Seagate Momentus XT 500gb: I bought this drive after reading some decent reviews and really have nothing but good things to say about it. Sure copying and transfering files is no where near SSD speed but once the drive learns your favorite apps, then it launches apps very much like an SSD drive. The downside is im not sure what it does under dual boot situations. Which OS does it choose to learn and adapt too? I also saw a mild battery hit when using it. When I made the move to SSD, I wasnt nearly as impressed as I would have been coming from a normal 5400rpm drive because it offers some great SSD like features. I would give it an 8/10 (if it fits your needs and your just a consumer)

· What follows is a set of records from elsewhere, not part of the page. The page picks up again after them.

(* For every integer $n\ge 3$, $$\gamma_t(C_n\times C_4)=\gamma_p(C_n\times C_4)=\begin{cases} n, & \text{if } n\equiv 0 \pmod 4,\\ n+1, & \text{if } n\equiv 1,3 \pmod 4,\\ n+2, & \text{if } n\equiv 2\pmod 4.\end{cases}$$
   Context: All graphs are finite, simple and undirected. $C_n$ denotes the cycle of order $n$ and $G\times H$ the Cartesian product of graphs. For a graph $G$ without isolated vertices: a set $D\subseteq V(G)$ is a total dominating set if every vertex of $G$ (including those in $D$) has a neighbour in $D$; $\gamma_t(G)$ is the minimum size of a total dominating set. A set $D\subseteq V(G)$ is a paired dominating set if every vertex outside $D$ has a neighbour in $D$ and the induced subgraph $G[D]$ has a perfect matching; $\gamma_p(G)$ is the minimum size of a paired dominating set. *)

theory Defs
  imports Main
begin

text \<open>A finite simple graph is given by a vertex set V and an adjacency
  relation E (assumed symmetric and irreflexive on V).\<close>

definition cycle_adj :: "nat \<Rightarrow> nat \<Rightarrow> nat \<Rightarrow> bool" where
  "cycle_adj n i j \<longleftrightarrow> i < n \<and> j < n \<and> (j = (i + 1) mod n \<or> i = (j + 1) mod n)"

definition cycle_V :: "nat \<Rightarrow> nat set" where
  "cycle_V n = {0..<n}"

definition cart_V :: "'a set \<Rightarrow> 'b set \<Rightarrow> ('a \<times> 'b) set" where
  "cart_V V1 V2 = V1 \<times> V2"

definition cart_adj :: "('a \<Rightarrow> 'a \<Rightarrow> bool) \<Rightarrow> ('b \<Rightarrow> 'b \<Rightarrow> bool)
    \<Rightarrow> ('a \<times> 'b) \<Rightarrow> ('a \<times> 'b) \<Rightarrow> bool" where
  "cart_adj E1 E2 p q \<longleftrightarrow>
     (fst p = fst q \<and> E2 (snd p) (snd q)) \<or> (snd p = snd q \<and> E1 (fst p) (fst q))"

definition total_dominating :: "'a set \<Rightarrow> ('a \<Rightarrow> 'a \<Rightarrow> bool) \<Rightarrow> 'a set \<Rightarrow> bool" where
  "total_dominating V E D \<longleftrightarrow> D \<subseteq> V \<and> (\<forall>v\<in>V. \<exists>u\<in>D. E v u)"

definition gamma_t :: "'a set \<Rightarrow> ('a \<Rightarrow> 'a \<Rightarrow> bool) \<Rightarrow> nat" where
  "gamma_t V E = Min {card D | D. total_dominating V E D}"

definition perfect_matching_on :: "('a \<Rightarrow> 'a \<Rightarrow> bool) \<Rightarrow> 'a set \<Rightarrow> 'a set set \<Rightarrow> bool" where
  "perfect_matching_on E D M \<longleftrightarrow>
     (\<forall>e\<in>M. \<exists>u v. e = {u, v} \<and> u \<in> D \<and> v \<in> D \<and> u \<noteq> v \<and> E u v) \<and>
     (\<forall>v\<in>D. \<exists>!e. e \<in> M \<and> v \<in> e)"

Crucial M4 256GB SSD: this was my first SSD and it has been reliable and just works since I bought it. Sure its not as fast as other drives but the failure rate was much much lower than other drives and reliablity is huge thing for me as I tend to use my laptop for work a lot. Once I had a full SSD , I knew I've never let my self go back to an HDD. My Macbook Pro 13" (early 2011) couple with 16GB, absolutely flies with this setup. It feels much much faster than my iMac at work even. I would give this drive 9/10
Crucial M4 512Gb SSD Because my experience was so good with the 256gb M4 and I was running out of space, I decided to buy the M4 512GB on Black Friday for 310$ (after rebate). I took it home, cloned it and then popped it in my MacBook Pro and all was well..... for a few days. I started to notice an weird issue when my system would become unresponsive when I plugged in an external USB drive or Firewire drive. Well just 9 days after buying the drive, i plugged in a USB drive and my system once again froze but then this time never woke up. The drive became totally unrecognized. The drive shipped with firmware 010G (which I stupidly put on my 256Gb too when i noticed it was out of date) and Im guessing that was the culprit. But none the less, I can't have 9 day in failures on my drives and it really ruined Crucials good name for me. I have to give this drive a 2/10
Samsung 840 500GB SSD: When the M4 512gb failed, I was able to return it to the store and use store credit towards the purchase of this 375$ drive. I was very skeptical of this drive because it uses a cheaper nand but I read very positive reviews from anandtech and others and in all the benchmarks I saw, it outperformed the M4. And so far, its lived up to the hype. Its been amazing and reliable. My only grief is that their is no firmware update solution for Mac (to even download a bootable disc, it needs to be on PC) but other than that it outperforms the M4 and if the 830 is any indicator, it should be very reliable too.
I did read that TLC nand does not last as long as MLC and that a 500GB should last around 10-13 years compared to 21 of MLC but I dont plan on owning anything that long. I mean I changed hard drives 4x in 18 months, so Im not too worried about that. I so far give this drive a 9/10... and believe TLC will end up being the new and affordable SSD for the average consumer.
So over the past 18 months I have had:
500Gb Seagate Momentus Xt Drive
Crucial M4 256GB SSD
Cruclal M4 512GB SSD
Samsung 840 500GB SSD

I figured I would write up a little about each one which hopefully helps people decide of a decent consumer hard drive solution.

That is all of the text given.